**Dataset records:**
============
lemma prob_mean_ge_le:
  assumes g [measurable]: "g \<in> borel_measurable N"
    and bnd: "\<And>z. z \<in> space N \<Longrightarrow> a \<le> g z \<and> g z \<le> b" and "a < b" and "0 \<le> \<epsilon>" and "0 < n"
  shows "prob {\<omega>\<in>space M. (\<integral>z. g z \<partial>Q) + \<epsilon> \<le> (\<Sum>i<n. g (X i \<omega>)) / real n}
    \<le> exp (-2 * \<epsilon>\<^sup>2 / (b - a)\<^sup>2) ^ n"
proof -
  interpret Hoeffding_ineq_iid M "{..<n}" "\<lambda>i \<omega>. g (X i \<omega>)" "\<lambda>\<omega>. g (X 0 \<omega>)" a b
    "expectation (\<lambda>\<omega>. g (X 0 \<omega>))"
  proof unfold_locales
    show "AE \<omega> in M. g (X 0 \<omega>) \<in> {a..b}"
      using bnd measurable_space[OF measurable_X] by (intro AE_I2) auto
    show "indep_vars (\<lambda>_. borel) (\<lambda>i \<omega>. g (X i \<omega>)) {..<n}"
      by (rule indep_vars_compose_X) simp
    show "distr M borel (\<lambda>\<omega>. g (X i \<omega>)) = distr M borel (\<lambda>\<omega>. g (X 0 \<omega>))" for i
      by (simp add: distr_compose_X)
  qed simp_all
  have "exp (-2 * real n * \<epsilon>\<^sup>2 / (b - a)\<^sup>2) = exp (-2 * \<epsilon>\<^sup>2 / (b - a)\<^sup>2) ^ n"
    unfolding exp_of_nat_mult[symmetric] by (simp add: mult_ac)
  moreover have "expectation (\<lambda>\<omega>. g (X 0 \<omega>)) = (\<integral>z. g z \<partial>Q)" by (rule integral_X) simp
  moreover have "prob {\<omega>\<in>space M. (\<Sum>i\<in>{..<n}. g (X i \<omega>)) / real (card {..<n})
      \<ge> expectation (\<lambda>\<omega>. g (X 0 \<omega>)) + \<epsilon>} \<le> exp (-2 * real (card {..<n}) * \<epsilon>\<^sup>2 / (b - a)\<^sup>2)"
    using assms(3-) by (intro Hoeffding_ineq_ge') auto
  ultimately show ?thesis by simp
qed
============
**Work item:**
Each entry must be retyped exactly as it was written above.

**Finished task:**
lemma prob_mean_ge_le:
  assumes g [measurable]: "g \<in> borel_measurable N"
    and bnd: "\<And>z. z \<in> space N \<Longrightarrow> a \<le> g z \<and> g z \<le> b" and "a < b" and "0 \<le> \<epsilon>" and "0 < n"
  shows "prob {\<omega>\<in>space M. (\<integral>z. g z \<partial>Q) + \<epsilon> \<le> (\<Sum>i<n. g (X i \<omega>)) / real n}
    \<le> exp (-2 * \<epsilon>\<^sup>2 / (b - a)\<^sup>2) ^ n"
proof -
  interpret Hoeffding_ineq_iid M "{..<n}" "\<lambda>i \<omega>. g (X i \<omega>)" "\<lambda>\<omega>. g (X 0 \<omega>)" a b
    "expectation (\<lambda>\<omega>. g (X 0 \<omega>))"
  proof unfold_locales
    show "AE \<omega> in M. g (X 0 \<omega>) \<in> {a..b}"
      using bnd measurable_space[OF measurable_X] by (intro AE_I2) auto
    show "indep_vars (\<lambda>_. borel) (\<lambda>i \<omega>. g (X i \<omega>)) {..<n}"
      by (rule indep_vars_compose_X) simp
    show "distr M borel (\<lambda>\<omega>. g (X i \<omega>)) = distr M borel (\<lambda>\<omega>. g (X 0 \<omega>))" for i
      by (simp add: distr_compose_X)
  qed simp_all
  have "exp (-2 * real n * \<epsilon>\<^sup>2 / (b - a)\<^sup>2) = exp (-2 * \<epsilon>\<^sup>2 / (b - a)\<^sup>2) ^ n"
    unfolding exp_of_nat_mult[symmetric] by (simp add: mult_ac)
  moreover have "expectation (\<lambda>\<omega>. g (X 0 \<omega>)) = (\<integral>z. g z \<partial>Q)" by (rule integral_X) simp
  moreover have "prob {\<omega>\<in>space M. (\<Sum>i\<in>{..<n}. g (X i \<omega>)) / real (card {..<n})
      \<ge> expectation (\<lambda>\<omega>. g (X 0 \<omega>)) + \<epsilon>} \<le> exp (-2 * real (card {..<n}) * \<epsilon>\<^sup>2 / (b - a)\<^sup>2)"
    using assms(3-) by (intro Hoeffding_ineq_ge') auto
  ultimately show ?thesis by simp
qed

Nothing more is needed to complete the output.